楼板对钢筋混凝土框架结构“强梁弱柱”式破坏的影响分析

发布时间：2018-05-15 05:22

本文选题：强梁弱柱 + 楼板　；参考：《中国地震局工程力学研究所》2015年硕士论文

【摘要】：在汶川地震和玉树地震中,很多按现行规范设计的钢筋混凝土框架结构出现了结构抗震设计中极力避免的“强梁弱柱”式破坏,而不是预期的“强柱弱梁”延性破坏机制。
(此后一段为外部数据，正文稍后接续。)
theorem proposition5p8:
  fixes N :: nat and p Kn :: "nat \<Rightarrow> nat \<Rightarrow> int \<Rightarrow> real"
  assumes N3: "N \<ge> 3"
    and p_pos: "\<And>i j k. i \<in> {1..N} \<Longrightarrow> j \<in> {1..N} \<Longrightarrow> i \<noteq> j \<Longrightarrow> k \<in> {-1, 1} \<Longrightarrow>
                  0 < p i j k \<and> p i j k < 1"
    and p_sum: "\<And>i. i \<in> {1..N} \<Longrightarrow> (\<Sum>j \<in> {1..N} - {i}. \<Sum>k \<in> {-1, 1}. p i j k) = 1"
    and Kn_nonneg: "\<And>i j k. i \<in> {1..N} \<Longrightarrow> j \<in> {1..N} \<Longrightarrow> i \<noteq> j \<Longrightarrow> k \<in> {-1, 1} \<Longrightarrow>
                  0 \<le> Kn i j k"
  shows "(\<forall>lam z. 0 < lam \<and> lam \<le> 1 \<and> 0 < z \<and> z \<le> 1 \<longrightarrow>
            nonneg_mat (K_mat N p Kn lam z) \<and> irreducible_mat (K_mat N p Kn lam z))
       \<and> (\<forall>lam z. 0 < lam \<and> lam < 1 \<and> 0 < z \<and> z \<le> 1 \<longrightarrow>
            spectral_radius (map_mat complex_of_real (K_mat N p Kn lam z)) < 1)"
proof -
  interpret groupoid_walk_metric N p Kn
    by unfold_locales (use p_pos p_sum Kn_nonneg in auto)
  show ?thesis
    using K_mat_nonneg_irreducible[OF _ _ _ _ N3] spectral_radius_K_mat_lt_1 N3 by auto
qed

end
这种震害现象引起了研究人员的高度关注,并开展了相关研究。本文在系统总结国内外相关研究的基础上,主要从结构和构件耗能、构件利用率与层间位移角三个角度,就楼板对“强梁弱柱”式破坏的影响进行了研究,主要工作如下:1.对比评述了各国规范对“强柱弱梁”的相关规定。各国规范对于“强柱弱梁”的设计思想都是采用增大柱端弯矩的方法。区别在于计算梁端设计弯矩时,对楼板的考虑:一种是按梁原截面计算梁端设计弯矩,通过提高柱端弯矩增大系数的取值,间接考虑楼板影响;另一种是将楼板对梁的加强作用折算成一定范围内的板,参与梁受弯,按T型截面计算梁端设计弯矩。2.研究在不同强度水平地震动作用下,楼板对RC框架结构地震反应的影响。通过将梁和楼板的共同作用简化为不同有效翼缘宽度的T型梁,建立四个分析模型,并对其进行非线性地震反应分析。从结构和构件耗能、构件利用率和层间位移角三个角度的对比分析,发现:1)当地震动强度不大于原结构设防烈度的罕遇地震时,由于楼板对梁的加强作用,随着T型梁有效翼缘宽度的增加,梁中的非弹性耗能减少,而柱的非弹性耗能并未增加;框架结构中的主要受力构件(框架梁和框架柱)的利用率总体在降低;层间位移角减小。2)当地震动强度大于原结构设防烈度的罕遇地震时,由于楼板对梁的加强作用,随着T型梁有效翼缘宽度的增加,梁中的非弹性耗能减少,底层框架柱非弹性耗能增加;总体上梁的利用率降低,柱的利用率提高,特别是底层柱;底层层间位移角增大;结构发生“强梁弱柱”式破坏的可能性增大。3.以汶川地震中倒塌的漩口中学前教学楼作为原型,建立三个分析模型:裸框架模型,按美国ACI规范和新西兰NZS3101规范分别计算T型梁有效翼缘宽度的模型。进一步研究T梁有效翼缘宽度取值对钢筋混凝土框架结构“强梁弱柱”式破坏的影响。通过对比梁抗弯承载力,发现楼板能显著提高梁端负弯矩承载力并影响“强梁弱柱”机制的形成。通过对比结构和构件耗能、构件利用率和结构层间位移,得出楼板提高了梁的刚度和强度,降低了梁的耗能能力,而使底层柱在强地震动下的非弹性耗能、利用率增大,底层的层间最大位移角增大,使底层优先形成薄弱层,增大了结构倒塌的风险,提高了结构发生“强梁弱柱”式破坏的可能性。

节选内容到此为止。